What is required = Word for word, transcribe the data below from the line with "reduced_laplacian (Suc n)" to the line with "(\<lambda>(i,k). \<Sum>j<m. W j $$ (i,k)) $$", keeping both of those lines.

Working data =

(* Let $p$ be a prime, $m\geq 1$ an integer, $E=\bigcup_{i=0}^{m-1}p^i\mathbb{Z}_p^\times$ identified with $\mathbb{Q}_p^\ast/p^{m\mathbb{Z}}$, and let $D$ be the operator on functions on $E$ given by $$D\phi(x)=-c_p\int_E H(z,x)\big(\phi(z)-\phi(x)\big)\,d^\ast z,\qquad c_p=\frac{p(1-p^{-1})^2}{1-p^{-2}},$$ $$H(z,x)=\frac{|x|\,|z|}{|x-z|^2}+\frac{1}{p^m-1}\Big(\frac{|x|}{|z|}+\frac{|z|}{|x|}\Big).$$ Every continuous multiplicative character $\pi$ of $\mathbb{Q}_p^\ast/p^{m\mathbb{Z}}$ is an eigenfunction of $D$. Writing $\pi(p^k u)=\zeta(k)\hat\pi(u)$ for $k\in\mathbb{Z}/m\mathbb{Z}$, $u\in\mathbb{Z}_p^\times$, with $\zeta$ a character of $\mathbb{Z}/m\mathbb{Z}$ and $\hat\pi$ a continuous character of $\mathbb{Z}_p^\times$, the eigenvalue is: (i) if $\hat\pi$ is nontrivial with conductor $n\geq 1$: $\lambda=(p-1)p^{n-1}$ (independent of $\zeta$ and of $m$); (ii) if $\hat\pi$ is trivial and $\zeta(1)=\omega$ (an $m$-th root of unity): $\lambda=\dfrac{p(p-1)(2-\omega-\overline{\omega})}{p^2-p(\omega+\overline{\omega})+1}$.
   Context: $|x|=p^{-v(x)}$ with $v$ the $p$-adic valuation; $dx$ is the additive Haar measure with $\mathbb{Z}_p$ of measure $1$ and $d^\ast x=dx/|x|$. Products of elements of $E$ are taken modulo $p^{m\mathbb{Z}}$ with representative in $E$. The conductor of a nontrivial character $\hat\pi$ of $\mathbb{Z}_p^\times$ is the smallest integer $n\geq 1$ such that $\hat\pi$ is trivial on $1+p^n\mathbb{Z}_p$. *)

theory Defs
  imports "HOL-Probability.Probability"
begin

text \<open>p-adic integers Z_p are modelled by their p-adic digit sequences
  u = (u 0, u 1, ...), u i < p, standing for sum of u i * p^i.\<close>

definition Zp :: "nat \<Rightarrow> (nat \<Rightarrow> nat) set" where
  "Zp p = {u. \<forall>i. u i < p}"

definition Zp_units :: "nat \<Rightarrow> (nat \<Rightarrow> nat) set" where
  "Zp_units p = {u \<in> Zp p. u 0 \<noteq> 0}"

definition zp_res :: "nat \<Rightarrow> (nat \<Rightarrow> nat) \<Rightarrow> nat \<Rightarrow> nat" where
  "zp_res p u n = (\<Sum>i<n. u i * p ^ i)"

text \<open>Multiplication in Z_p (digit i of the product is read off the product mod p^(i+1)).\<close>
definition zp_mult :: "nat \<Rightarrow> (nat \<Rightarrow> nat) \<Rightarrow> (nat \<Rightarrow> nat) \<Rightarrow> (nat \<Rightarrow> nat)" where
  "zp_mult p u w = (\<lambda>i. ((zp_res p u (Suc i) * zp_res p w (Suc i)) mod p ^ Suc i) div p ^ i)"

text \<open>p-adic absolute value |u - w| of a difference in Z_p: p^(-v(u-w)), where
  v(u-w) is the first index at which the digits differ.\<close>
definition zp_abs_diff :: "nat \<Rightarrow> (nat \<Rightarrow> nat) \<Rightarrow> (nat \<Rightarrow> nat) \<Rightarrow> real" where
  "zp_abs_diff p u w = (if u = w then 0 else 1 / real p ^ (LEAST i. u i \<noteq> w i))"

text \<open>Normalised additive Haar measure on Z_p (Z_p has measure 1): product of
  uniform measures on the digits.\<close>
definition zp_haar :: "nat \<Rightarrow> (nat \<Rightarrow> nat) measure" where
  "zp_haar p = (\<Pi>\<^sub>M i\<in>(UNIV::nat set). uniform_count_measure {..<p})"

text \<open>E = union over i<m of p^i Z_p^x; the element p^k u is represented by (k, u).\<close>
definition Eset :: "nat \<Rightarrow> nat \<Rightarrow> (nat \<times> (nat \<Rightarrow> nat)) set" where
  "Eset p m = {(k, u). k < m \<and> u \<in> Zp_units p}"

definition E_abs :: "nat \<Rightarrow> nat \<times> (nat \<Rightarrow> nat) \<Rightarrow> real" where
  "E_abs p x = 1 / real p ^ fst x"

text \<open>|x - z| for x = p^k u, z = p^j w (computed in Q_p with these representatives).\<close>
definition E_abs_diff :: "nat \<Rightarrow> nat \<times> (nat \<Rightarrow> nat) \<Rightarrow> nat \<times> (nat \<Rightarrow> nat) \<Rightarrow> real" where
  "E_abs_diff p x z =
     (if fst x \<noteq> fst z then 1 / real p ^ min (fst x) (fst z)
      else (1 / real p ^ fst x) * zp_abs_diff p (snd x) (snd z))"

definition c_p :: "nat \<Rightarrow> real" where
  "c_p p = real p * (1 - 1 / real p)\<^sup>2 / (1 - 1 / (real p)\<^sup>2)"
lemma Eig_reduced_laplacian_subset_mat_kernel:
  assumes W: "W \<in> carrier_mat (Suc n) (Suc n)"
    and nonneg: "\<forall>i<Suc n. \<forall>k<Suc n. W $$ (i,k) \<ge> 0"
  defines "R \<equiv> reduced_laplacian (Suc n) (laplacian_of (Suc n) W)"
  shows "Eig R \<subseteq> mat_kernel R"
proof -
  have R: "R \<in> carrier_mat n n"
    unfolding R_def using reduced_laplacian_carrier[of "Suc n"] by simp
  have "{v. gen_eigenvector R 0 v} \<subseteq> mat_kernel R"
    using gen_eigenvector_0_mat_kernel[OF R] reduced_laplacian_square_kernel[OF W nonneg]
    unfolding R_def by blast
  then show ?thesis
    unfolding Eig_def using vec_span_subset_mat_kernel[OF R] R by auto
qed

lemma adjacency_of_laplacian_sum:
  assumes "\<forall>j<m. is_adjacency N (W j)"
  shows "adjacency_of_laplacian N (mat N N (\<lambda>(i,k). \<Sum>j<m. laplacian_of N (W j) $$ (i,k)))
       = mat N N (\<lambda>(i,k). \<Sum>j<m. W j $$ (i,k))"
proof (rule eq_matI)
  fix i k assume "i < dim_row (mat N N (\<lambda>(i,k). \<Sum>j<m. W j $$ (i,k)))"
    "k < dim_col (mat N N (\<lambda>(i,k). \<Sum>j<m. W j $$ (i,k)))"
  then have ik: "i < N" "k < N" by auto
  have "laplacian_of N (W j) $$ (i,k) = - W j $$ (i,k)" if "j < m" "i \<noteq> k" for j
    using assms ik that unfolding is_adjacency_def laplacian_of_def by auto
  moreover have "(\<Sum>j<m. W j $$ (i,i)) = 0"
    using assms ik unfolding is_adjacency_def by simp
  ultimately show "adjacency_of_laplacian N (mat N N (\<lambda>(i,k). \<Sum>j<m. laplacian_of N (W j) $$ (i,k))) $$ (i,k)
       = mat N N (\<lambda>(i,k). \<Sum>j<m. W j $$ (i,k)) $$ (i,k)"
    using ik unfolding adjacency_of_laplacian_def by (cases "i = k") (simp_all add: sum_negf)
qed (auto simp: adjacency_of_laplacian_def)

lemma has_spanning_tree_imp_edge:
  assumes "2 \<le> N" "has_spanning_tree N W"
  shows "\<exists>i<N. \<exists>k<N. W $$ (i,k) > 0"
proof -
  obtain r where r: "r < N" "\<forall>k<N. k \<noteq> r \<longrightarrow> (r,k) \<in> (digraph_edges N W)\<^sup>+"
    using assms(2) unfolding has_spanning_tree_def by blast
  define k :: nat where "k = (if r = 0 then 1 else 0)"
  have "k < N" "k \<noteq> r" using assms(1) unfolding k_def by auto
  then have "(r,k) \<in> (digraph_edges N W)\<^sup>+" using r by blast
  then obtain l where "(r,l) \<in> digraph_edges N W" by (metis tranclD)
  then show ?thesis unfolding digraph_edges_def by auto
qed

Reply to the exercise =
  defines "R \<equiv> reduced_laplacian (Suc n) (laplacian_of (Suc n) W)"
  shows "Eig R \<subseteq> mat_kernel R"
proof -
  have R: "R \<in> carrier_mat n n"
    unfolding R_def using reduced_laplacian_carrier[of "Suc n"] by simp
  have "{v. gen_eigenvector R 0 v} \<subseteq> mat_kernel R"
    using gen_eigenvector_0_mat_kernel[OF R] reduced_laplacian_square_kernel[OF W nonneg]
    unfolding R_def by blast
  then show ?thesis
    unfolding Eig_def using vec_span_subset_mat_kernel[OF R] R by auto
qed

lemma adjacency_of_laplacian_sum:
  assumes "\<forall>j<m. is_adjacency N (W j)"
  shows "adjacency_of_laplacian N (mat N N (\<lambda>(i,k). \<Sum>j<m. laplacian_of N (W j) $$ (i,k)))
       = mat N N (\<lambda>(i,k). \<Sum>j<m. W j $$ (i,k))"
proof (rule eq_matI)
  fix i k assume "i < dim_row (mat N N (\<lambda>(i,k). \<Sum>j<m. W j $$ (i,k)))"
    "k < dim_col (mat N N (\<lambda>(i,k). \<Sum>j<m. W j $$ (i,k)))"
  then have ik: "i < N" "k < N" by auto
  have "laplacian_of N (W j) $$ (i,k) = - W j $$ (i,k)" if "j < m" "i \<noteq> k" for j
    using assms ik that unfolding is_adjacency_def laplacian_of_def by auto
  moreover have "(\<Sum>j<m. W j $$ (i,i)) = 0"
    using assms ik unfolding is_adjacency_def by simp
  ultimately show "adjacency_of_laplacian N (mat N N (\<lambda>(i,k). \<Sum>j<m. laplacian_of N (W j) $$ (i,k))) $$ (i,k)
       = mat N N (\<lambda>(i,k). \<Sum>j<m. W j $$ (i,k)) $$ (i,k)"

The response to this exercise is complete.